The film is an account of Phillipe Petit's quixotic mission to walk on a tightrope between the twin towers of the World Trade Centre. Straightaway, this gives it a poignancy, and the detailed account of how Petit and his team planned and executed the stunt has strange echoes of both terrorist attacks on the building, as though it was made to be the object of subversive attack. Petit's relationship with the building is almost mystical - from the way he describes it, it was the building itself which prompted him to take up his eccentric vocation. In a way his tightrope walking stunts are reminiscent of the Situationists, or even the work of an artist like Christo. Because, what is clear from the account of the three missions he accomplished, these events were works of art, and Petit was an artist, who used the wire as his canvas. (There's remarkable footage of the NY cop who apprehended Petit, saying that he was 'a tightrope dancer, you couldn't call him a walker'.)
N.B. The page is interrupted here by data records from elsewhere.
(* Let $\mathcal{A}=(A_1,\dots,A_4)\in H^0(\bigwedge^2\mathcal{F}\otimes\mathcal{E}\otimes\det\mathcal{E}^\vee)$, let $p\in\mathbb{P}^1$ with uniformizer $u$, and fix $1\le I<J\le5$, $1\le K\le4$. Suppose that (i) $a^{(K)}_{IJ}\equiv0\pmod{u^2}$; (ii) $a^{(k)}_{IJ}\equiv0\pmod u$ for all $1\le k\le4$; (iii) $a^{(K)}_{Ij}\equiv0\pmod u$ for all $1\le j\le5$; (iv) $a^{(K)}_{iJ}\equiv0\pmod u$ for all $1\le i\le5$. Then $\mathcal{A}$ is singular above $p$.
   Context: Work over $\mathbb{C}$. Fix $g\ge0$, $N=g+4$, $\mathcal{E}\cong\bigoplus_{k=1}^4\mathcal{O}_{\mathbb{P}^1}(e_k)$ with $e_1\le\dots\le e_4$, $\sum e_k=N$, and $\mathcal{F}\cong\bigoplus_{i=1}^5\mathcal{O}(f_i)$ with $f_1\le\dots\le f_5$, $\sum f_i=2N$, with these splittings fixed; $d^{(k)}_{ij}=f_i+f_j+e_k-N$. A section $\mathcal{A}\in H^0(\bigwedge^2\mathcal{F}\otimes\mathcal{E}\otimes\det\mathcal{E}^\vee)$ is a quadruple $(A_1,\dots,A_4)$ of $5\times5$ alternating matrices whose $(i,j)$ entry $a^{(k)}_{ij}$ of $A_k$ is a homogeneous form in $\mathbb{C}[s,t]$ of degree $d^{(k)}_{ij}$ (zero if this is negative), $a^{(k)}_{ji}=-a^{(k)}_{ij}$. Let $\mathcal{A}(\mathbf{x})=\sum_k A_kx_k$, and let $C_{\mathcal{A}}\subset\mathbb{P}(\mathcal{E})$ (fiber coordinates $x_1,\dots,x_4$) be the closed subscheme cut out by the five $4\times4$ principal sub-Pfaffians of $\mathcal{A}(\mathbf{x})$. $\mathcal{A}$ is smooth at a point $P\in C_{\mathcal{A}}$ if the Zariski tangent space of $C_{\mathcal{A}}$ at $P$ is 1-dimensional, and singular at $P$ otherwise; $\mathcal{A}$ is singular above $p\in\mathbb{P}^1$ if it is singular at some point of $C_{\mathcal{A}}$ lying over $p$. For a form $a$ and a uniformizer (linear form) $u$ at $p$, $a\equiv0\pmod{u^m}$ means $u^m$ divides $a$. *)

theory Defs
  imports "HOL-Analysis.Analysis" "HOL-Computational_Algebra.Polynomial" "Jordan_Normal_Form.Matrix_Kernel"
begin

text \<open>The polynomial ring C[s,t] is represented as (C[t])[s], i.e. the
  type complex poly poly: the outer variable is s, the inner one is t.\<close>

type_synonym bform = "complex poly poly"

definition var_s :: bform where "var_s = [:0, 1:]"
definition var_t :: bform where "var_t = [:[:0, 1:]:]"

definition lin_form :: "complex \<Rightarrow> complex \<Rightarrow> bform" where
  "lin_form \<alpha> \<beta> = Polynomial.smult [:\<alpha>:] var_s + Polynomial.smult [:\<beta>:] var_t"

definition eval2 :: "bform \<Rightarrow> complex \<Rightarrow> complex \<Rightarrow> complex" where
  "eval2 P s t = poly (poly P [:s:]) t"

definition hom_form :: "int \<Rightarrow> bform \<Rightarrow> bool" where
  "hom_form d P \<longleftrightarrow> (if d < 0 then P = 0 else
     (\<forall>i. coeff P i = (if i \<le> nat d then monom (coeff (coeff P i) (nat d - i)) (nat d - i) else 0)))"

definition uniformizer :: "bform \<Rightarrow> complex \<Rightarrow> complex \<Rightarrow> bool" where
  "uniformizer u s0 t0 \<longleftrightarrow> (\<exists>\<alpha> \<beta>. (\<alpha>, \<beta>) \<noteq> (0, 0) \<and> \<alpha> * s0 + \<beta> * t0 = 0 \<and> u = lin_form \<alpha> \<beta>)"

text \<open>The data: a k i j is the (i,j) entry of A_k, indices k in {1..4}, i,j in {1..5}.\<close>
definition is_section ::
  "nat \<Rightarrow> (nat \<Rightarrow> int) \<Rightarrow> (nat \<Rightarrow> int) \<Rightarrow> (nat \<Rightarrow> nat \<Rightarrow> nat \<Rightarrow> bform) \<Rightarrow> bool" where
  "is_section g e f a \<longleftrightarrow>
     (\<forall>k\<in>{1..4}. \<forall>i\<in>{1..5}. \<forall>j\<in>{1..5}.
        hom_form (f i + f j + e k - (int g + 4)) (a k i j) \<and> a k j i = - a k i j)"

text \<open>Points of the cone over P(E): z 0 = s, z 1 = t, z (k+1) = x_k for k = 1..4.
  Entry (i,j) of A(x) evaluated at such a point.\<close>
definition Aentry :: "(nat \<Rightarrow> nat \<Rightarrow> nat \<Rightarrow> bform) \<Rightarrow> nat \<Rightarrow> nat \<Rightarrow> (nat \<Rightarrow> complex) \<Rightarrow> complex" where
  "Aentry a i j z = (\<Sum>k=1..4. eval2 (a k i j) (z 0) (z 1) * z (k + 1))"

definition subpf :: "(nat \<Rightarrow> nat \<Rightarrow> nat \<Rightarrow> bform) \<Rightarrow> nat \<Rightarrow> (nat \<Rightarrow> complex) \<Rightarrow> complex" where
  "subpf a m z = (let l = sorted_list_of_set ({1..5} - {m}); M = (\<lambda>i j. Aentry a (l!i) (l!j) z) in
      M 0 1 * M 2 3 - M 0 2 * M 1 3 + M 0 3 * M 1 2)"

definition pdiff :: "((nat \<Rightarrow> complex) \<Rightarrow> complex) \<Rightarrow> nat \<Rightarrow> (nat \<Rightarrow> complex) \<Rightarrow> complex" where
  "pdiff F v z = deriv (\<lambda>w. F (z(v := w))) (z v)"

definition jac :: "(nat \<Rightarrow> nat \<Rightarrow> nat \<Rightarrow> bform) \<Rightarrow> (nat \<Rightarrow> complex) \<Rightarrow> complex mat" where
  "jac a z = mat 5 6 (\<lambda>(m, v). pdiff (subpf a (m + 1)) v z)"

text \<open>P(E) is the quotient of
  (C^2 - 0) x (C^4 - 0) by the free action of the torus (C^*)^2,
  (l,m).(s,t,x) = (l s, l t, m l^(-e_k) x_k), which is a smooth morphism with
  2-dimensional fibres; the five sub-Pfaffians are bihomogeneous for this grading.
  Hence the Zariski tangent space of C_A at the image point has dimension
  dim ker(Jacobian) - 2.\<close>
definition on_CA :: "(nat \<Rightarrow> nat \<Rightarrow> nat \<Rightarrow> bform) \<Rightarrow> (nat \<Rightarrow> complex) \<Rightarrow> bool" where
  "on_CA a z \<longleftrightarrow> (z 0, z 1) \<noteq> (0, 0) \<and> (\<exists>k\<in>{1..4}. z (k + 1) \<noteq> 0)
       \<and> (\<forall>m\<in>{1..5}. subpf a m z = 0)"

definition tangent_dim :: "(nat \<Rightarrow> nat \<Rightarrow> nat \<Rightarrow> bform) \<Rightarrow> (nat \<Rightarrow> complex) \<Rightarrow> nat" where
  "tangent_dim a z = kernel_dim (jac a z) - 2"

definition singular_at :: "(nat \<Rightarrow> nat \<Rightarrow> nat \<Rightarrow> bform) \<Rightarrow> (nat \<Rightarrow> complex) \<Rightarrow> bool" where
  "singular_at a z \<longleftrightarrow> on_CA a z \<and> tangent_dim a z \<noteq> 1"

definition singular_above :: "(nat \<Rightarrow> nat \<Rightarrow> nat \<Rightarrow> bform) \<Rightarrow> complex \<Rightarrow> complex \<Rightarrow> bool" where
  "singular_above a s0 t0 \<longleftrightarrow>
     (\<exists>z. (\<exists>c. c \<noteq> 0 \<and> z 0 = c * s0 \<and> z 1 = c * t0) \<and> singular_at a z)"

end

theory Submission
  imports Defs
begin

text \<open>Take the point z over p whose fibre coordinate is the K-th basis vector. There
  A(z) = A_K(p), whose I-th and J-th rows and columns vanish, so every 4x4 principal
  sub-Pfaffian (a sum of products of two entries covering four indices) vanishes at z.
  In a sub-Pfaffian that omits neither I nor J, every term is a product of two entries
  vanishing at z, except for the (I,J) entry times a complementary one. Its differential at z
  is therefore a multiple of d a_IJ(z), which is zero because every a^(k)_IJ vanishes at p and
  a^(K)_IJ vanishes there to second order. So three of the five rows of the Jacobian vanish,
  its kernel has dimension at least 4, and the tangent space of C_A at z has dimension at
  least 2.\<close>

lemma kernel_dim_ge_cols_minus_rows:
  fixes A :: "'a :: field mat"
  assumes A: "A \<in> carrier_mat nr nc"
  shows "nc - nr \<le> kernel_dim A"
proof -
  have G: "gauss_jordan_single A \<in> carrier_mat nr nc"
    and ref: "row_echelon_form (gauss_jordan_single A)"
    using gauss_jordan_single[OF A refl] by blast+
  have "card {i. i < nr \<and> row (gauss_jordan_single A) i \<noteq> 0\<^sub>v nc} \<le> card {..<nr}"
    by (rule card_mono) auto
  then show ?thesis
    using find_base_vectors(5)[OF ref G] A by (simp add: kernel_dim_code)
qed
The absurd uselessness of Petit's stunts, and the dedication with which his team helped him to accomplish them, feels like an exploration of man's potential. The image of a man, walking a tightrope in the clouds, is angelic, reminiscent of Hamlet's lines about form and infinite faculty. Another contrasting image, from a similar time, would be Armstrong walking on the moon, and Petit's achievement seems no less remarkable than NASA's. However, unlike NASA, the Frenchman had the back-up of a comical bunch of amateurs to facilitate his mission, something that makes it all the more poignant: it is possible to achieve your dreams, with next to nothing, if you are only willing to believe.

Marsh's film knits the narrative together beautifully. The interviews with Petit and his former companions, guardians of the secret of their achievement, help to keep the narrative flowing, and ground the astral story in its human context. When Petit's friend and the project manager, Albert, breaks down on camera, it's a moment which reveals the immensity of what they achieved, as well as the tragedy of this then placing everything that will follow in its shadow.

Marsh is blessed by some remarkable archive footage of Petit, his girlfriend Annie, and his accomplices, suggesting that Petit knew full well he was readying himself for some kind of immortality. Yet it's fascinating to see that when the walk between the towers takes place, there's no video of it, only stills of a man in his flared black trousers, carrying the white balancing stick, framed against the clouds. It feels better this way. Film could never have done justice to the wonder of the moment; for this was an event that is, and of course now always shall be, unreproducible.